Investors started dumping stocks eventually unloading $134-b worth
For a few surreal minutes, a mere 12 words on Twitter caused the world’s mightiest stock market to tremble. No sooner did hackers send a false Associated Press tweet reporting explosions at the White House on Tuesday than investors started dumping stocks eventually unloading $134-billion worth.
Except most investors were not humans. They were computers, selling on autopilot beyond the control of humans, like a scene from a sci-fi horror film.
“Before you could blink, it was over,” said Joe Saluzzi, co-founder of Themis Trading and an outspoken critic of high-speed computerised trading. “With people, you wouldn’t have this type of reaction.”
For decades, computers have been sorting through data and news to help investment funds decide whether to buy or sell. But that’s old school. Now ‘algorithmic’ trading programs sift through data, news, even tweets, and execute trades by themselves in fractions of a second, without slowpoke humans getting in the way. More than half of stock trading every day is done this way.
Markets quickly recovered after Tuesday’s plunge. But the incident rattled traders and highlighted the danger of handing control to the machines. It also raised questions about whether regulators should be doing more to monitor the relationship between social media and the markets.
Irene Aldridge, a consultant to hedge funds on algorithmic programs, said many of the trading systems just count the number of positive and negative words, without any filter. She wants regulators to do more but believes that glitches and plunges may be inevitable.
“You can’t ban Twitter,” said Aldridge, author of “High-Frequency Trading,” a guide to algorithmic trading.
Just how exactly the trading unfolded on Tuesday is still a bit of a mystery.
In Wall Street’s insanely fast trading world, humans holding back for even a second could have signalled to computers that buyers were drying up and that prices could fall, and so the computers should sell fast. Others, like Saluzzi, think computers may have sold on the tweet itself. That’s possible because computer trading programs are increasingly written to read, and react to, news from social media outlets like Twitter.
Rich Brown, head of Elektron Analytics, a Thomson-Reuters unit that sells news feeds that computers can read, said that the words ‘explosions’ or ‘Obama’ alone wouldn’t have triggered selling. But add ‘White House,’ and it’s a combination even the slowest computer couldn’t miss.
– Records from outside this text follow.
lemma restricted_rep_mult:
  assumes rep: "is_rep G d \<rho>" and vs: "orthonormal_basis d vs S" and inv: "invariant_subspace G \<rho> S"
    and g: "g \<in> carrier G" and h: "h \<in> carrier G"
  shows "restricted_rep d \<rho> vs (g \<otimes>\<^bsub>G\<^esub> h) = restricted_rep d \<rho> vs g * restricted_rep d \<rho> vs h"
    (is "?\<sigma> (g \<otimes>\<^bsub>G\<^esub> h) = ?\<sigma> g * ?\<sigma> h")
proof (rule eq_matI)
  have onl: "orthonormal d vs" and span: "\<And>x. x \<in> S \<Longrightarrow> orth_proj d vs x = x"
    using vs by (auto simp: orthonormal_basis_def)
  note vc = orthonormal_nth_carrier[OF onl]
  fix i j assume "i < dim_row (?\<sigma> g * ?\<sigma> h)" "j < dim_col (?\<sigma> g * ?\<sigma> h)"
  then have i: "i < length vs" and j: "j < length vs" by (auto simp: restricted_rep_def)
  have "vs ! j \<in> S" using vs j by (auto simp: orthonormal_basis_def)
  then have "\<rho> h *\<^sub>v vs ! j \<in> S" using inv h by (simp add: invariant_subspace_def)
  have "?\<sigma> (g \<otimes>\<^bsub>G\<^esub> h) $$ (i, j) = cinner d (\<rho> g *\<^sub>v (\<rho> h *\<^sub>v vs ! j)) (vs ! i)"
    using i j g h
    by (simp add: restricted_rep_def is_rep_mult[OF rep]
        assoc_mult_mat_vec[OF is_rep_carrier[OF rep g] is_rep_carrier[OF rep h] vc[OF j]])
  also have "\<dots> = (\<Sum>l<length vs. cinner d (\<rho> h *\<^sub>v vs ! j) (vs ! l) * cinner d (\<rho> g *\<^sub>v vs ! l) (vs ! i))"
    by (rule cinner_mult_mat_vec_orth_proj[OF onl is_rep_carrier[OF rep g] span]) fact
  also have "\<dots> = (?\<sigma> g * ?\<sigma> h) $$ (i, j)"
    using i j by (auto simp: restricted_rep_def scalar_prod_def atLeast0LessThan intro!: sum.cong)
  finally show "?\<sigma> (g \<otimes>\<^bsub>G\<^esub> h) $$ (i, j) = (?\<sigma> g * ?\<sigma> h) $$ (i, j)" .
qed (auto simp: restricted_rep_def)

lemma restricted_rep_inv:
  assumes \<rho>: "unitary_rep G d \<rho>" and vs: "orthonormal d vs" and h: "h \<in> carrier G"
  shows "restricted_rep d \<rho> vs (inv\<^bsub>G\<^esub> h) = mat_adjoint (restricted_rep d \<rho> vs h)"
proof (rule eq_matI)
  fix i j assume "i < dim_row (mat_adjoint (restricted_rep d \<rho> vs h))"
    "j < dim_col (mat_adjoint (restricted_rep d \<rho> vs h))"
  then have i: "i < length vs" and j: "j < length vs" by (auto simp: restricted_rep_def)
  have "restricted_rep d \<rho> vs (inv\<^bsub>G\<^esub> h) $$ (i, j) = cinner d (vs ! j) (\<rho> h *\<^sub>v vs ! i)"
    using i j unitary_repD(2)[OF \<rho> h] is_rep_carrier[OF unitary_repD(1)[OF \<rho>] h]
      orthonormal_nth_carrier[OF vs]
    by (simp add: restricted_rep_def cinner_mult_mat_vec)
  also have "\<dots> = mat_adjoint (restricted_rep d \<rho> vs h) $$ (i, j)"
    using i j by (simp add: restricted_rep_def cnj_cinner)
  finally show "restricted_rep d \<rho> vs (inv\<^bsub>G\<^esub> h) $$ (i, j) = mat_adjoint (restricted_rep d \<rho> vs h) $$ (i, j)" .
qed (auto simp: restricted_rep_def)

lemma restricted_rep_unitary:
  assumes \<rho>: "unitary_rep G d \<rho>" and vs: "orthonormal_basis d vs S"
    and inv: "invariant_subspace G \<rho> S"
  shows "unitary_rep G (length vs) (restricted_rep d \<rho> vs)"
proof -
  note rep = unitary_repD(1)[OF \<rho>]
  have onl: "orthonormal d vs" using vs by (simp add: orthonormal_basis_def)
  show ?thesis
    unfolding unitary_rep_def is_rep_def
    using restricted_rep_eq_one[of d vs \<rho>, OF onl is_rep_one[OF rep]] restricted_rep_mult[OF rep vs inv]
      restricted_rep_inv[OF \<rho> onl]
    by (auto simp: restricted_rep_def)
qed

lemma rep_kernel_restricted_rep:
  "orthonormal d vs \<Longrightarrow> rep_kernel G d \<rho> \<subseteq> rep_kernel G (length vs) (restricted_rep d \<rho> vs)"
  by (auto simp: rep_kernel_def restricted_rep_eq_one)

lemma restricted_rep_eq_one_imp_fixes:
  assumes vs: "orthonormal_basis d vs S" and inv: "invariant_subspace G \<rho> S" and g: "g \<in> carrier G"
    and one: "restricted_rep d \<rho> vs g = 1\<^sub>m (length vs)" and v: "v \<in> set vs"
  shows "\<rho> g *\<^sub>v v = v"
proof -
  obtain j where j: "j < length vs" and vj: "v = vs ! j" using v by (auto simp: in_set_conv_nth)
  have onl: "orthonormal d vs" using vs by (simp add: orthonormal_basis_def)
  have "\<rho> g *\<^sub>v v \<in> S" using inv g vs v by (auto simp: invariant_subspace_def orthonormal_basis_def)
  then have "\<rho> g *\<^sub>v v = orth_proj d vs (\<rho> g *\<^sub>v v)" using vs by (simp add: orthonormal_basis_def)
  also have "\<dots> = v"
  proof (rule eq_vecI)
    have vc: "v \<in> carrier_vec d" using orthonormal_nth_carrier[OF onl j] vj by simp
    then show "dim_vec (orth_proj d vs (\<rho> g *\<^sub>v v)) = dim_vec v" by simp
    fix r assume "r < dim_vec v"
    have "cinner d (\<rho> g *\<^sub>v v) (vs ! l) = (if l = j then 1 else 0)" if "l < length vs" for l
      using arg_cong[OF one, of "\<lambda>M. M $$ (l, j)"] that j vj by (simp add: restricted_rep_def)
    then have "orth_proj d vs (\<rho> g *\<^sub>v v) $ r = (\<Sum>l<length vs. (if l = j then 1 else 0) * vs ! l $ r)"
      using \<open>r < dim_vec v\<close> vc by (simp add: orth_proj_def vec_lincomb_def)
    also have "\<dots> = (\<Sum>l<length vs. if l = j then vs ! j $ r else 0)"
      by (rule sum.cong) auto
    finally show "orth_proj d vs (\<rho> g *\<^sub>v v) $ r = v $ r" using j vj by simp
  qed
  finally show ?thesis .
qed

lemma invariant_orth_compl:
  fixes G (structure)
  assumes "group G" and \<rho>: "unitary_rep G d \<rho>" and W: "W \<subseteq> carrier_vec d"
    and inv: "invariant_subspace G \<rho> W"
  shows "invariant_subspace G \<rho> (orth_compl d W)"
  unfolding invariant_subspace_def
proof (intro ballI)
  interpret group G by fact
  fix h x assume h: "h \<in> carrier G" and x: "x \<in> orth_compl d W"
  note A = is_rep_carrier[OF unitary_repD(1)[OF \<rho>] h]
  have "cinner d (\<rho> h *\<^sub>v x) w = 0" if w: "w \<in> W" for w
  proof -
    have "cinner d (\<rho> h *\<^sub>v x) w = cinner d x (\<rho> (inv h) *\<^sub>v w)"
      using x w W A unitary_repD(2)[OF \<rho> h] by (auto simp: orth_compl_def cinner_mult_mat_vec)
    also have "\<dots> = 0" using x w inv h by (auto simp: orth_compl_def invariant_subspace_def)
    finally show ?thesis .
  qed
  then show "\<rho> h *\<^sub>v x \<in> orth_compl d W" using A x by (auto simp: orth_compl_def)
qed

lemma sum_lessThan_add:
  "(\<Sum>l<m + n. f l) = (\<Sum>l<m. f l) + (\<Sum>l<n. f (m + l))" for m n :: nat
  by (induction n) (auto simp: add.assoc)

lemma orthonormal_append_subset_orth_compl:
  assumes us: "orthonormal_basis d us W" and onl: "orthonormal d (us @ ws)"
  shows "set ws \<subseteq> orth_compl d W"
proof
  fix u assume "u \<in> set ws"
  then obtain j where j: "j < length ws" and u: "u = ws ! j" by (auto simp: in_set_conv_nth)
  have u_us: "cinner d u (us ! l) = 0" if "l < length us" for l
    using orthonormal_cinner[OF onl, of "length us + j" l] that j u by (simp add: nth_append)
  have "cinner d u w = 0" if "w \<in> W" for w
  proof -
    have "cinner d u w = cinner d u (orth_proj d us w)" using us that by (simp add: orthonormal_basis_def)
    also have "\<dots> = 0" using u_us by (simp add: orth_proj_def cinner_vec_lincomb_right)
    finally show ?thesis .
  qed
  then show "u \<in> orth_compl d W" using onl \<open>u \<in> set ws\<close> by (auto simp: orth_compl_def orthonormal_def)
qed

lemma orth_proj_append_orth_compl:
  assumes us: "orthonormal_basis d us W" and x: "x \<in> orth_compl d W"
  shows "orth_proj d (us @ ws) x = orth_proj d ws x"
proof (rule eq_vecI)
  fix r assume "r < dim_vec (orth_proj d ws x)"
  have "cinner d x (us ! l) = 0" if "l < length us" for l
    using x us nth_mem[OF that] unfolding orth_compl_def orthonormal_basis_def by blast
  then show "orth_proj d (us @ ws) x $ r = orth_proj d ws x $ r"
    using \<open>r < _\<close> by (simp add: orth_proj_def vec_lincomb_def sum_lessThan_add nth_append)
qed simp

lemma orthonormal_basis_split:
  assumes W: "is_subspace d W"
  obtains us ws where "orthonormal_basis d us W" and "orthonormal_basis d ws (orth_compl d W)"
    and "orthonormal_basis d (us @ ws) (carrier_vec d)"
proof -
  have full: "is_subspace d (carrier_vec d)" by (auto simp: is_subspace_def)
  obtain us where us: "orthonormal_basis d us W"
    using orthonormal_basis_extend[OF W, of "[]"] by (auto simp: orthonormal_def)
  moreover have "set us \<subseteq> carrier_vec d"
    using us W by (auto simp: orthonormal_basis_def is_subspace_def)
  ultimately obtain ws where uws: "orthonormal_basis d (us @ ws) (carrier_vec d)"
    using orthonormal_basis_extend[OF full] by (metis orthonormal_basis_def)
  have onl: "orthonormal d (us @ ws)" using uws by (simp add: orthonormal_basis_def)
  have "orth_proj d ws x = x" if "x \<in> orth_compl d W" for x
    using orth_proj_append_orth_compl[OF us that, of ws] uws that
    by (auto simp: orthonormal_basis_def orth_compl_def)
  then have "orthonormal_basis d ws (orth_compl d W)"
    using orthonormal_appendD[OF onl] orthonormal_append_subset_orth_compl[OF us onl]
    by (simp add: orthonormal_basis_def)
  then show ?thesis using that us uws by blast
qed

lemma mat_eq_one_if_fixes_vecs:
  fixes A :: "complex mat"
  assumes A: "A \<in> carrier_mat d d" and fixed: "\<And>x. x \<in> carrier_vec d \<Longrightarrow> A *\<^sub>v x = x"
  shows "A = 1\<^sub>m d"
proof (rule eq_matI)
  fix i j assume "i < dim_row (1\<^sub>m d)" "j < dim_col (1\<^sub>m d)"
  then have i: "i < d" and j: "j < d" by auto
  have "A $$ (i, j) = (A *\<^sub>v unit_vec d j) $ i"
    using A i j by simp
  also have "\<dots> = 1\<^sub>m d $$ (i, j)" using fixed[of "unit_vec d j"] i j by (simp add: unit_vec_def)
  finally show "A $$ (i, j) = 1\<^sub>m d $$ (i, j)" .
qed (use A in auto)

lemma mat_eq_one_if_fixes_orthonormal_basis:
  assumes A: "A \<in> carrier_mat d d" and vs: "orthonormal_basis d vs (carrier_vec d)"
    and fixed: "\<And>v. v \<in> set vs \<Longrightarrow> A *\<^sub>v v = v"
  shows "A = 1\<^sub>m d"
proof (rule mat_eq_one_if_fixes_vecs[OF A])
  fix x :: "complex vec" assume x: "x \<in> carrier_vec d"
  have onl: "orthonormal d vs" and span: "orth_proj d vs x = x"
    using vs x by (auto simp: orthonormal_basis_def)
  have "map (\<lambda>v. A *\<^sub>v v) vs = vs" using fixed by (simp add: map_idI)
  then have "A *\<^sub>v orth_proj d vs x = orth_proj d vs x"
    using mult_mat_vec_lincomb[OF A orthonormal_nth_carrier[OF onl], of "length vs"]
    by (simp add: orth_proj_def)
  then show "A *\<^sub>v x = x" using span by simp
qed

lemma orthonormal_basis_Nil: "orthonormal_basis d [] S \<Longrightarrow> S \<subseteq> {0\<^sub>v d}"
  by (auto simp: orthonormal_basis_def orth_proj_Nil)

lemma orthonormal_basis_split_proper:
  assumes W: "is_subspace d W" and "W \<noteq> {0\<^sub>v d}" and "W \<noteq> carrier_vec d"
  obtains us ws where "orthonormal_basis d us W" and "orthonormal_basis d ws (orth_compl d W)"
    and "orthonormal_basis d (us @ ws) (carrier_vec d)" and "length us < d" and "length ws < d"
proof -
  obtain us ws where us: "orthonormal_basis d us W"
    and ws: "orthonormal_basis d ws (orth_compl d W)"
    and uws: "orthonormal_basis d (us @ ws) (carrier_vec d)"
    using orthonormal_basis_split[OF W] .
  have Wc: "W \<subseteq> carrier_vec d" and "0\<^sub>v d \<in> W" using W by (auto simp: is_subspace_def)
  have "length us > 0"
  proof (rule ccontr)
    assume "\<not> length us > 0"
    then have "W \<subseteq> {0\<^sub>v d}" using us orthonormal_basis_Nil by simp
    with \<open>0\<^sub>v d \<in> W\<close> \<open>W \<noteq> {0\<^sub>v d}\<close> show False by blast
  qed
  moreover have "length ws > 0"
  proof (rule ccontr)
    assume "\<not> length ws > 0"
    then have "orth_proj d us x = x" if "x \<in> carrier_vec d" for x
      using uws that by (simp add: orthonormal_basis_def)
    moreover have "orth_proj d us x \<in> W" for x
      using orth_proj_in_subspace[OF W] us by (simp add: orthonormal_basis_def)
    ultimately have "carrier_vec d \<subseteq> W" by (metis subsetI)
    then show False using Wc \<open>W \<noteq> carrier_vec d\<close> by blast
  qed
  moreover have "length (us @ ws) \<le> d"
    using uws by (intro orthonormal_length_le) (simp add: orthonormal_basis_def)
  ultimately have "length us < d" "length ws < d" unfolding length_append by linarith+
  with us ws uws show ?thesis by (rule that)
qed

lemma restricted_reps_eq_one_imp_eq_one:
  assumes rep: "is_rep G d \<rho>" and g: "g \<in> carrier G"
    and us: "orthonormal_basis d us U" "invariant_subspace G \<rho> U"
    and ws: "orthonormal_basis d ws V" "invariant_subspace G \<rho> V"
    and uws: "orthonormal_basis d (us @ ws) (carrier_vec d)"
    and "restricted_rep d \<rho> us g = 1\<^sub>m (length us)" "restricted_rep d \<rho> ws g = 1\<^sub>m (length ws)"
  shows "\<rho> g = 1\<^sub>m d"
proof (rule mat_eq_one_if_fixes_orthonormal_basis[OF is_rep_carrier[OF rep g] uws])
  fix v assume "v \<in> set (us @ ws)"
  then consider "v \<in> set us" | "v \<in> set ws" by auto
  then show "\<rho> g *\<^sub>v v = v"
  proof cases
    case 1
    then show ?thesis by (rule restricted_rep_eq_one_imp_fixes[OF us g \<open>restricted_rep d \<rho> us g = _\<close>])
  next
    case 2
    then show ?thesis by (rule restricted_rep_eq_one_imp_fixes[OF ws g \<open>restricted_rep d \<rho> ws g = _\<close>])
  qed
qed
Mr. Brown said his service doesn’t include Twitter in its feeds because there’s too much useless ‘noise’ in the deluge of tweets and, given the 140-character limit to tweets, often too little context. Before the fake tweet appeared on Tuesday, it looked like any other good day on Wall Street. Unexpectedly strong earnings reports sent stocks in the Dow Jones industrial average up one per cent to 14,697 with three hours to go in the trading day.
Then, at 1.08 p.m. EDT, a tweet appeared on the hacked AP Twitter account stating that two explosions at the White House had injured President Barack Obama. Stocks immediately started falling and tumbled for two minutes.
The Dow dropped from 14,697 to 14,554, losing 143 points, or 1 per cent. In the frenzied selling, oil prices dropped, gold rose, the dollar rallied and the price of Treasury notes, seen by many investors as a hiding spot, shot higher, briefly knocking yields to their lowest level of the year.
The AP quickly announced that its account had been hijacked and the report was false. The Dow began to climb again, recovering all its losses by 1.18 p.m. That was ten minutes after the fake tweet, according to FactSet, a financial data provider.
A group called the Syrian Electronic Army said it was responsible for the hack. But the claim has not been corroborated. The FBI and the Securities and Exchange Commission said they had opened investigations into the incident. Some Wall Street pros were surprised that a single tweet could move markets so much.